**REQUIREMENT**
Return all lines of the records that contain the word "Hdiv".

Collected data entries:

____

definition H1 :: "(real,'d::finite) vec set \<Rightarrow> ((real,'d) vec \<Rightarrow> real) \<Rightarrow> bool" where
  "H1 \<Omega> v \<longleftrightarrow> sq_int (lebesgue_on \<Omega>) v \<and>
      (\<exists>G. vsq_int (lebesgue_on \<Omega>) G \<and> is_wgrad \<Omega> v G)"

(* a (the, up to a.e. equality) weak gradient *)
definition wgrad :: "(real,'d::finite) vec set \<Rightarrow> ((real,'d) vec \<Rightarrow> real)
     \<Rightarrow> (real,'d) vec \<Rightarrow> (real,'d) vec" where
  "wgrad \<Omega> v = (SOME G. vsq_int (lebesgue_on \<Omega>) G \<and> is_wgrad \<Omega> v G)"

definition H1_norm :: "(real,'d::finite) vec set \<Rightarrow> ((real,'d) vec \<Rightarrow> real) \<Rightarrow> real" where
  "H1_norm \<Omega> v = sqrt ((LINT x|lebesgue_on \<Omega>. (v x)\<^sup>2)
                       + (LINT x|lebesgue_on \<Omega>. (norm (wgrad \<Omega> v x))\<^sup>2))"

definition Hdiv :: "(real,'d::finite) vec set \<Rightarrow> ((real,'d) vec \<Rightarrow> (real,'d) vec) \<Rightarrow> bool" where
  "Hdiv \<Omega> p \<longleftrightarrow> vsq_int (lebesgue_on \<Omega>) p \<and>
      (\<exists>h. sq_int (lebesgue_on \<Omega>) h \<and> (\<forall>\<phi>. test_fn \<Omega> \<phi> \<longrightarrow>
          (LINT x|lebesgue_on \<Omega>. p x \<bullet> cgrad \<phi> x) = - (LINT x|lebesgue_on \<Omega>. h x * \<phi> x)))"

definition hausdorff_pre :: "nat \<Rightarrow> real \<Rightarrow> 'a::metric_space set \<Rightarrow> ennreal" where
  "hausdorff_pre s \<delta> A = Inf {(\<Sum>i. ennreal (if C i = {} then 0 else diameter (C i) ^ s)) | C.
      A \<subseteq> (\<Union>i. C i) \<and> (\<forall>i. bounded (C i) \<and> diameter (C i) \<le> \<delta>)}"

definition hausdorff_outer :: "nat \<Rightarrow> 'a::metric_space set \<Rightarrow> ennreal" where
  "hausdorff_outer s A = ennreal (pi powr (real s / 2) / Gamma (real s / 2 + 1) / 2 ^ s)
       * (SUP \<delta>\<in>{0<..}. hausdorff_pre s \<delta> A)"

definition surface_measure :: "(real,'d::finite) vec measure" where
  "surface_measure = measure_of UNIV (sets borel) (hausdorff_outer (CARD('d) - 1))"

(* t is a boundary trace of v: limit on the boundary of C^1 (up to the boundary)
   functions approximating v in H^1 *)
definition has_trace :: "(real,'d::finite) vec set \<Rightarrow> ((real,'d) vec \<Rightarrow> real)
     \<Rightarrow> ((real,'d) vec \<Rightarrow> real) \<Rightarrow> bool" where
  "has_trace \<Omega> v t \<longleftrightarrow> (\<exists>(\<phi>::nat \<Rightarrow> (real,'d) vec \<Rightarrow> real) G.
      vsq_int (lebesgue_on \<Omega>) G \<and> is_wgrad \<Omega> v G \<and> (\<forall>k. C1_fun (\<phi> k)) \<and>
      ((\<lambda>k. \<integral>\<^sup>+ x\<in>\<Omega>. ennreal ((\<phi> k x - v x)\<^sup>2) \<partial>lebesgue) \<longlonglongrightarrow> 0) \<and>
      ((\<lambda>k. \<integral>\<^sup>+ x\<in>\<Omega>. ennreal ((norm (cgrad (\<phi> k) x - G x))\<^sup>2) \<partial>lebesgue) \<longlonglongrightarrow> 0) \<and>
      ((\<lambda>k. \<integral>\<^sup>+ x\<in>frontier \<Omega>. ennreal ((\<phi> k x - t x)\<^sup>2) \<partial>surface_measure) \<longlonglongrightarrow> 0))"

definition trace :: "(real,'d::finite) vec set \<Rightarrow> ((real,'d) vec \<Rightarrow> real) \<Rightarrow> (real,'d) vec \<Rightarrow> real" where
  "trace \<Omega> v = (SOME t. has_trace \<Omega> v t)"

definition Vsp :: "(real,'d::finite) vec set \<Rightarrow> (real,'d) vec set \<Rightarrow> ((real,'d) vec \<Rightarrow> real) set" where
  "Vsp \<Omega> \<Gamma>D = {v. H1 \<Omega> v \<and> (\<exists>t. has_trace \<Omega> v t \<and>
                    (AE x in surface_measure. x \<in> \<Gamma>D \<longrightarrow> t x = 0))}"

____

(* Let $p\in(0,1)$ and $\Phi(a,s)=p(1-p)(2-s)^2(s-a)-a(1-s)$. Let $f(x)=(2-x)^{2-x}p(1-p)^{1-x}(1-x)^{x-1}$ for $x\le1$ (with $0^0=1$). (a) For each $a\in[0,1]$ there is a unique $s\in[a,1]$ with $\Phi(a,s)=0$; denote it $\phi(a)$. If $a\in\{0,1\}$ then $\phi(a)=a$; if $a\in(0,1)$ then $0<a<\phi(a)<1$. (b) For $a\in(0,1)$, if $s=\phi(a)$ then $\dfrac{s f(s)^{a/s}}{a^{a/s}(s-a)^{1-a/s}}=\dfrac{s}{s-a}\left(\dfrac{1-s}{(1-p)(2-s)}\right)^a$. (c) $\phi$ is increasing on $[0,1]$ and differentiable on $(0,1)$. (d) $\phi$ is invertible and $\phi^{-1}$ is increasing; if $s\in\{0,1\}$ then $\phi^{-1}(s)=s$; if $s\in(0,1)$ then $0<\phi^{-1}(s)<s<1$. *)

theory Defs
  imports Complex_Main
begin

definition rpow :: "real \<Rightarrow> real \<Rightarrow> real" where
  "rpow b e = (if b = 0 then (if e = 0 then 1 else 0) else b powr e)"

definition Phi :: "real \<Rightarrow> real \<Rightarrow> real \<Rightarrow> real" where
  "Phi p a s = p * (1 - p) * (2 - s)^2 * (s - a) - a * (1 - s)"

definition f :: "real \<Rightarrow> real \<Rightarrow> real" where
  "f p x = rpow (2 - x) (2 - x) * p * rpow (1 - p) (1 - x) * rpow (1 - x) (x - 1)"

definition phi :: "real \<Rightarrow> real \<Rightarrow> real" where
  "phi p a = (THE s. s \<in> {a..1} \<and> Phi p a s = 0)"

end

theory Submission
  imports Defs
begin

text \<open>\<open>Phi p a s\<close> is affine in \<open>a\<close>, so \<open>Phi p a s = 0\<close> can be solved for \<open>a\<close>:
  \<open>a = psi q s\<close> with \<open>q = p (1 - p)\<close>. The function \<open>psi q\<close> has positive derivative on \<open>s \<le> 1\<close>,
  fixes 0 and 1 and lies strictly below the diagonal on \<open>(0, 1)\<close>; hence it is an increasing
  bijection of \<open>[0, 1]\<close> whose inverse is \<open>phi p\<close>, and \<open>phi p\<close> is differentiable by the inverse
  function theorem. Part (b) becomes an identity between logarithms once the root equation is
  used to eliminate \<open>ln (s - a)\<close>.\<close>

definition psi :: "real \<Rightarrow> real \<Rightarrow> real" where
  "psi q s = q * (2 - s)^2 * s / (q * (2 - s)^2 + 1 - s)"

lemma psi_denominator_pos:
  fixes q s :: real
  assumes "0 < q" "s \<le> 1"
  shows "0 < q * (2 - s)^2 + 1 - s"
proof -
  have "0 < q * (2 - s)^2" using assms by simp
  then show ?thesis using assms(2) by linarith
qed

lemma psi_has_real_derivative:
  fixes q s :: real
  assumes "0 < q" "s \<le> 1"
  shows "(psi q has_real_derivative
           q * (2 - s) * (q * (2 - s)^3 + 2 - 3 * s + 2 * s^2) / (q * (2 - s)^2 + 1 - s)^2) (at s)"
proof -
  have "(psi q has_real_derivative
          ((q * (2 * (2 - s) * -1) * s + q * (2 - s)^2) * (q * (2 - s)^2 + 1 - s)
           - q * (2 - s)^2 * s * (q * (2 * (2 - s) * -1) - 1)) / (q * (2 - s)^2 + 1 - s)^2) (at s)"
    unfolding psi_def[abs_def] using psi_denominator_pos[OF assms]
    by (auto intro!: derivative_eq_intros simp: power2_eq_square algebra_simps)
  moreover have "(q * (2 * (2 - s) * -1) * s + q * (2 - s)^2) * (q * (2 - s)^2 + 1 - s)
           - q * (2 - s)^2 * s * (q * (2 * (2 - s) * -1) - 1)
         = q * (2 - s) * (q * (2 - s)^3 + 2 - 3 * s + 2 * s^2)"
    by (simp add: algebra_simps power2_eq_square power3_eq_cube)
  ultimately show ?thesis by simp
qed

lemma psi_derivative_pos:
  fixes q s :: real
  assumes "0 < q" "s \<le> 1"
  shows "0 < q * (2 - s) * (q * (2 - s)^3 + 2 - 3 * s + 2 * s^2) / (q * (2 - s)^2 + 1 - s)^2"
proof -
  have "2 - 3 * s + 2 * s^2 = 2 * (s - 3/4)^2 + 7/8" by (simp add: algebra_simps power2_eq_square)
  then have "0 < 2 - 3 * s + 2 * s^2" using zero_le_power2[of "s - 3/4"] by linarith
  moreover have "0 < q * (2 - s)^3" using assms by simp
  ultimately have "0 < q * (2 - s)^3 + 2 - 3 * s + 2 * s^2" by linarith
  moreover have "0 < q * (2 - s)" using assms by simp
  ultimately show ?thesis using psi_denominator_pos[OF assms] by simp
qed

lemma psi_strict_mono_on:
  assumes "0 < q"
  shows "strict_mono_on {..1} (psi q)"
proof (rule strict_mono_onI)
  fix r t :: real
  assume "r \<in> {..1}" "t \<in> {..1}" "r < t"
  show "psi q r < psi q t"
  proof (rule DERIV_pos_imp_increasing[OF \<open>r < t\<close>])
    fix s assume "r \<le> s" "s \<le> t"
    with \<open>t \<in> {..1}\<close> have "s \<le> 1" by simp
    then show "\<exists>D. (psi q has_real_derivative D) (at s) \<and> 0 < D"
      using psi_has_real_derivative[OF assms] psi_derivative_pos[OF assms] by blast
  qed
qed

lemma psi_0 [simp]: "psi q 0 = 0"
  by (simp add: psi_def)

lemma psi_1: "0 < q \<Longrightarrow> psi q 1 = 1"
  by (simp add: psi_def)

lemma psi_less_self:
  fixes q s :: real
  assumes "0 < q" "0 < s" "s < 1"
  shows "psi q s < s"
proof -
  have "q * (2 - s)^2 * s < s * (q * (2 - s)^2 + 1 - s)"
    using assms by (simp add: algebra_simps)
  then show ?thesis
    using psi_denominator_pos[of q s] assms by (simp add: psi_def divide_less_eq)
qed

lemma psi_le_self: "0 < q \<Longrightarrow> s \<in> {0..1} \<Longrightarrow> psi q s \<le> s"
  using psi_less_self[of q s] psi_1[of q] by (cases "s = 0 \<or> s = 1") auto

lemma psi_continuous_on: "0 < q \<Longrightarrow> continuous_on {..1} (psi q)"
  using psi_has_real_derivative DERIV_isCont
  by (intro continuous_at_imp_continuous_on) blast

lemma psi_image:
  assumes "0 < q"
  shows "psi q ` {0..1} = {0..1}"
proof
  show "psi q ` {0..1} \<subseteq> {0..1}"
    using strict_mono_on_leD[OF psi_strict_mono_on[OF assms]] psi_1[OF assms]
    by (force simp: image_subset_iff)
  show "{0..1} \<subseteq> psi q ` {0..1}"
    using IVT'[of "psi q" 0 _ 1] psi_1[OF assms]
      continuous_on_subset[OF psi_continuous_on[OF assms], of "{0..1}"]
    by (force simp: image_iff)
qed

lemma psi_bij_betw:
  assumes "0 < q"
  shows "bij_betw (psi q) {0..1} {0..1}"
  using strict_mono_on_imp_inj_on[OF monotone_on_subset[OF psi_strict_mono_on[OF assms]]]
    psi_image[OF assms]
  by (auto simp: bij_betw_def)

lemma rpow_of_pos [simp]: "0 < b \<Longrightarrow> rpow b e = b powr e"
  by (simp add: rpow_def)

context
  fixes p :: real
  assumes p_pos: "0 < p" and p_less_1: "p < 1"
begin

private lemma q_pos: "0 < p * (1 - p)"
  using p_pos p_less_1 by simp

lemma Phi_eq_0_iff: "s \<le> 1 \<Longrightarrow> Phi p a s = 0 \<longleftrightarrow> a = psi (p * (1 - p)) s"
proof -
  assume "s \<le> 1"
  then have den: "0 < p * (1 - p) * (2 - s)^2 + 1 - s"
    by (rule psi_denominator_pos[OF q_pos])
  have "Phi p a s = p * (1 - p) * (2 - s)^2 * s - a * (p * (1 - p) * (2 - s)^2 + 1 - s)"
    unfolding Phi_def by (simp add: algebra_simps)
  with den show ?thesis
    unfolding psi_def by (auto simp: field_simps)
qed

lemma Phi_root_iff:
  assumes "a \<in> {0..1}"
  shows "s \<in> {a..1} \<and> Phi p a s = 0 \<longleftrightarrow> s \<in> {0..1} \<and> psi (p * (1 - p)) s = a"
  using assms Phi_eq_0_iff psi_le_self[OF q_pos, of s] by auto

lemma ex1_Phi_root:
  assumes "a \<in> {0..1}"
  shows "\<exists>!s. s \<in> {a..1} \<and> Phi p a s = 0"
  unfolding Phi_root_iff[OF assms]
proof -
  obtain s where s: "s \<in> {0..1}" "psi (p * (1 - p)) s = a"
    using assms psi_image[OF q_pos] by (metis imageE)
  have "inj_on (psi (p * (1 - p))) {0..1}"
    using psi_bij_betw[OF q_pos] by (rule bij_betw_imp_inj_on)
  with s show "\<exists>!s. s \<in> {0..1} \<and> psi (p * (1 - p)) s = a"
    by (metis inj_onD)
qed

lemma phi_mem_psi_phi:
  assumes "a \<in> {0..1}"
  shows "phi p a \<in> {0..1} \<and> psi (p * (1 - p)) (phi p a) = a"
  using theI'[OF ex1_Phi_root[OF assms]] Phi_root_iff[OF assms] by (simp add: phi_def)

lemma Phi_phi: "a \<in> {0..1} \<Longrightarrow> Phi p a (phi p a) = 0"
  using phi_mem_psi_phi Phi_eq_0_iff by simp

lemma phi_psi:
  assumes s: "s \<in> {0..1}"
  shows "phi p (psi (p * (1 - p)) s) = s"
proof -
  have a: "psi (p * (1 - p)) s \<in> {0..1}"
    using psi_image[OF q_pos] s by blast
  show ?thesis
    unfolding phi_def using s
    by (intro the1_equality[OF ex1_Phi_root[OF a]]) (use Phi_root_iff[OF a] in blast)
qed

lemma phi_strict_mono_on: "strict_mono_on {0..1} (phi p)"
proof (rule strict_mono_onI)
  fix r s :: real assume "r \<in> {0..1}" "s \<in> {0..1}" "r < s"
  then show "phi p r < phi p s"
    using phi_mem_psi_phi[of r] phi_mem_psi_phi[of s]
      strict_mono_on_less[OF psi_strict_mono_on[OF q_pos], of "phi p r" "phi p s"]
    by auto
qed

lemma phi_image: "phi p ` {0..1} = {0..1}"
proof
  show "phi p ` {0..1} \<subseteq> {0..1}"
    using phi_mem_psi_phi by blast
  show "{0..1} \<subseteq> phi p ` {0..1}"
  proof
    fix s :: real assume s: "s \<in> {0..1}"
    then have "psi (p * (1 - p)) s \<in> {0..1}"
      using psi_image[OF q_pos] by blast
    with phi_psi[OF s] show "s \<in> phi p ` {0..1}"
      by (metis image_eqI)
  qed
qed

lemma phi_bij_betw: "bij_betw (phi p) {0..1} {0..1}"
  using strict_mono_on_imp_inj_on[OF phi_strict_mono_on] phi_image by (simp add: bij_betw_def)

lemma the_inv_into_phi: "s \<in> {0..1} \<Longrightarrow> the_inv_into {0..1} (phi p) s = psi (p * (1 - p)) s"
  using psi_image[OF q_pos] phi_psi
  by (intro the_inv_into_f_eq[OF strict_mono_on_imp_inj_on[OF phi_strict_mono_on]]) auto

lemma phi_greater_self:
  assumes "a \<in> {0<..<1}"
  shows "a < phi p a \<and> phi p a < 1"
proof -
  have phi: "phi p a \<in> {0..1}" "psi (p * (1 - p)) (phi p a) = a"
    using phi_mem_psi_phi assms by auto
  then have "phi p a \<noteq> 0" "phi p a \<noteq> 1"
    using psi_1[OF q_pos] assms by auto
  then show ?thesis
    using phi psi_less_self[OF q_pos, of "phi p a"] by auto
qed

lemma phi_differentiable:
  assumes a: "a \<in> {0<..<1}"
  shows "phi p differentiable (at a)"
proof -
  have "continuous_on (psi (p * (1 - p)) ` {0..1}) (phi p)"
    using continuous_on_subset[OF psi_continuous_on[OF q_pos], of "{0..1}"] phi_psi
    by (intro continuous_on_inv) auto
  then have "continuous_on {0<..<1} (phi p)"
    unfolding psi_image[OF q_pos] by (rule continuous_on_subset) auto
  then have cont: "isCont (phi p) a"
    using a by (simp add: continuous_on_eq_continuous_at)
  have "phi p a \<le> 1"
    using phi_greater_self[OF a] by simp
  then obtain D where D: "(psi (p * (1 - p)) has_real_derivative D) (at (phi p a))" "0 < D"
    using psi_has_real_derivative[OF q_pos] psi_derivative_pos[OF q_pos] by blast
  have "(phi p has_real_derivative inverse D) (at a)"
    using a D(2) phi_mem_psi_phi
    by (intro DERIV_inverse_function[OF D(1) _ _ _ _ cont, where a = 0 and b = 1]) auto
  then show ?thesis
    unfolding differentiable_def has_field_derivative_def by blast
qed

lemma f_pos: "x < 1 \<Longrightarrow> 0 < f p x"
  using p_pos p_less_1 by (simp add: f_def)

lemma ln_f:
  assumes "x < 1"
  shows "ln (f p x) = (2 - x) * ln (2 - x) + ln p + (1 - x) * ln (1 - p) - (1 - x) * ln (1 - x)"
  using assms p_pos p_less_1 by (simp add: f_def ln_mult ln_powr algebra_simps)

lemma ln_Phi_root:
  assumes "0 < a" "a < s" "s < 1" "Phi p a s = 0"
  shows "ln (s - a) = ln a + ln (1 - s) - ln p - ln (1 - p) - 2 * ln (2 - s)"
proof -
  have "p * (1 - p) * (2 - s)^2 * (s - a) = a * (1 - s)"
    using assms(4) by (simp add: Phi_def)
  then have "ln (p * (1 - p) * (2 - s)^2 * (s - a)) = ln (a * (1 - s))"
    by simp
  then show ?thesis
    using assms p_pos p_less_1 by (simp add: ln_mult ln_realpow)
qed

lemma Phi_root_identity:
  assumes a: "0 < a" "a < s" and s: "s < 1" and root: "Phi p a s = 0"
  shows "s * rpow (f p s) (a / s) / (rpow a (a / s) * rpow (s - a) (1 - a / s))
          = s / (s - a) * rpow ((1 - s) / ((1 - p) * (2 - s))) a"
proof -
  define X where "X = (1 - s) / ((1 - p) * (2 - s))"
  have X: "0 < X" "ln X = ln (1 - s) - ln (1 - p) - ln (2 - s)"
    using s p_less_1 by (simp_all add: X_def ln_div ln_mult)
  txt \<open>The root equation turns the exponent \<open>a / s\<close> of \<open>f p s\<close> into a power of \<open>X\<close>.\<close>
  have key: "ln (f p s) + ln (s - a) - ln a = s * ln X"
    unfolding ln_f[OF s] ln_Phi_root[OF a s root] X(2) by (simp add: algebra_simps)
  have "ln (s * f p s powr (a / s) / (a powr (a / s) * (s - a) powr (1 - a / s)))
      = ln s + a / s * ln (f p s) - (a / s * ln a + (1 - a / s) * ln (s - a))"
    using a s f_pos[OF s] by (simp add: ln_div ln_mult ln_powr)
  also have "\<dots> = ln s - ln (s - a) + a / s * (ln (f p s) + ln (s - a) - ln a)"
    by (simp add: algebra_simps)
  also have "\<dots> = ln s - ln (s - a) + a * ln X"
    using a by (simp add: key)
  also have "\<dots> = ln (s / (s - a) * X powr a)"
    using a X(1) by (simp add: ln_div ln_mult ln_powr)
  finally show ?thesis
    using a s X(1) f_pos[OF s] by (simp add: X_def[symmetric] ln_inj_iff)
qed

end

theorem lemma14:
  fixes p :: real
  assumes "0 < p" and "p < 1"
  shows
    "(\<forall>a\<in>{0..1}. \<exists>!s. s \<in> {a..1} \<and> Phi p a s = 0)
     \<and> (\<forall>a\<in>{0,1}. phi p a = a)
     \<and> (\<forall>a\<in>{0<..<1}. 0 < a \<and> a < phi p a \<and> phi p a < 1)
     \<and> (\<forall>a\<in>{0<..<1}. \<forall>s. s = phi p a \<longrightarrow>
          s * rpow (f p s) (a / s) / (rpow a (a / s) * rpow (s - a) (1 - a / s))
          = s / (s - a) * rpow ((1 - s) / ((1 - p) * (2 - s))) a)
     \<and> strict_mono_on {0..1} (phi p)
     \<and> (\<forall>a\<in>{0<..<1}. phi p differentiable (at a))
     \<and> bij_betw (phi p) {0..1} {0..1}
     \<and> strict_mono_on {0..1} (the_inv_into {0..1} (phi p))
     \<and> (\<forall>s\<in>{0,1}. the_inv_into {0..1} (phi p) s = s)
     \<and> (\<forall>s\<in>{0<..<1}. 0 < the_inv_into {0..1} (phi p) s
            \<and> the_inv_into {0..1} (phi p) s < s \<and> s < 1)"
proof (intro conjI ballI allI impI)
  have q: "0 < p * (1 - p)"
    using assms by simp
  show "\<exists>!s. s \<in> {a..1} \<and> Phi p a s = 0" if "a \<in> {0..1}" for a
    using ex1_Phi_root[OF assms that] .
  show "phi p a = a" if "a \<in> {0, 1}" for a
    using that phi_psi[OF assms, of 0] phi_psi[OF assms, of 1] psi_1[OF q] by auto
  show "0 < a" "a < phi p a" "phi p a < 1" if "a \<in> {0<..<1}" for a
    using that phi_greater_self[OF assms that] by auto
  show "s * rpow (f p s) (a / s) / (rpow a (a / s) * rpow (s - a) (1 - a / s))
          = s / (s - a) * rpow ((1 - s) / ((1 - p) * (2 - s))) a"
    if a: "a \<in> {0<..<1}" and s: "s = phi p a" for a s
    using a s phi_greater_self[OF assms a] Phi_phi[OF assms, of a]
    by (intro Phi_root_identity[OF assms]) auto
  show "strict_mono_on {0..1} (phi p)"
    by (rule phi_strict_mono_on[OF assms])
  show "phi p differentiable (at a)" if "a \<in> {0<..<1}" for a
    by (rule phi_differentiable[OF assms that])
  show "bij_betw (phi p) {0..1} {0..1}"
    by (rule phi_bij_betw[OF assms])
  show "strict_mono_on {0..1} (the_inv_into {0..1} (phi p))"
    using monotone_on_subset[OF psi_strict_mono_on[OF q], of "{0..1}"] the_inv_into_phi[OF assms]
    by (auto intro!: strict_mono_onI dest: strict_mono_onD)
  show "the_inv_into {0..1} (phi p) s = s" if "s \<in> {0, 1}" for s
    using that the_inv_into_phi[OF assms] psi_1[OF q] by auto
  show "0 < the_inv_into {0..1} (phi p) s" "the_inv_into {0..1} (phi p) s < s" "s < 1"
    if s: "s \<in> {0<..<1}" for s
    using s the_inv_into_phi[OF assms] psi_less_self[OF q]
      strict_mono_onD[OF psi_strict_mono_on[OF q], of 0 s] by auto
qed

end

____

**EXERCISE ANSWER**
definition Hdiv :: "(real,'d::finite) vec set \<Rightarrow> ((real,'d) vec \<Rightarrow> (real,'d) vec) \<Rightarrow> bool" where
  "Hdiv \<Omega> p \<longleftrightarrow> vsq_int (lebesgue_on \<Omega>) p \<and>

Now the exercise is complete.